[Saved data entries]

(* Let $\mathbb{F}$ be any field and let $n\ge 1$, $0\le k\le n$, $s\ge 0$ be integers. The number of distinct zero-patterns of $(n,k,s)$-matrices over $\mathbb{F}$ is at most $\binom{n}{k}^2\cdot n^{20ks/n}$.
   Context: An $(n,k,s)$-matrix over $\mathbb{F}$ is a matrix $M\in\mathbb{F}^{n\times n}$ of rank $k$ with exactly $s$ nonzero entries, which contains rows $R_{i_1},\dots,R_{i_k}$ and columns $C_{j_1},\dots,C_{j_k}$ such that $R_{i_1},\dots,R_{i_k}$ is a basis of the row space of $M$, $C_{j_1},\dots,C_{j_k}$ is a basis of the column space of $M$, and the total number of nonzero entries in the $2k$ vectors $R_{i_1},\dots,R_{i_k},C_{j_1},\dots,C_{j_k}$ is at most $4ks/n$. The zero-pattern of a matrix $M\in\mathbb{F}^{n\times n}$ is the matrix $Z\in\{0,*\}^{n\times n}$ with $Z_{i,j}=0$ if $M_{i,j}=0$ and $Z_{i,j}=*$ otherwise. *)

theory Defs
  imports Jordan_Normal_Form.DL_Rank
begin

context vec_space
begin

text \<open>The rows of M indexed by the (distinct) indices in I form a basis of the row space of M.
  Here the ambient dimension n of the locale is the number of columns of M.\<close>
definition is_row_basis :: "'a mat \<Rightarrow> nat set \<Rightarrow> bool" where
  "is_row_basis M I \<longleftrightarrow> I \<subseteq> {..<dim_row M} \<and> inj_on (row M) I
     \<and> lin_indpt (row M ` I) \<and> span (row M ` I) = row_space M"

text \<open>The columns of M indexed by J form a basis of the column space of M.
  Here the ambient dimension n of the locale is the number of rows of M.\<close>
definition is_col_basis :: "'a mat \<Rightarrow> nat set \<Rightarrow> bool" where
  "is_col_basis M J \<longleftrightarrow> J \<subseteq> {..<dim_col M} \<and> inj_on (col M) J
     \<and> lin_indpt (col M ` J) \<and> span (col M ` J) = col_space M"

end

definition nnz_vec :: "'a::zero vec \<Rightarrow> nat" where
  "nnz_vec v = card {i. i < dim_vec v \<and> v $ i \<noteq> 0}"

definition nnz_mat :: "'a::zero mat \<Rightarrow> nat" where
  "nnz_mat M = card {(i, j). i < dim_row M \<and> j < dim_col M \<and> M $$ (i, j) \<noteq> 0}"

§ **Problem statement**
If a line in the records contains "open", report it.

§ **Your response**
text \<open>The rows of M indexed by the (distinct) indices in I form a basis of the row space of M.
text \<open>The columns of M indexed by J form a basis of the column space of M.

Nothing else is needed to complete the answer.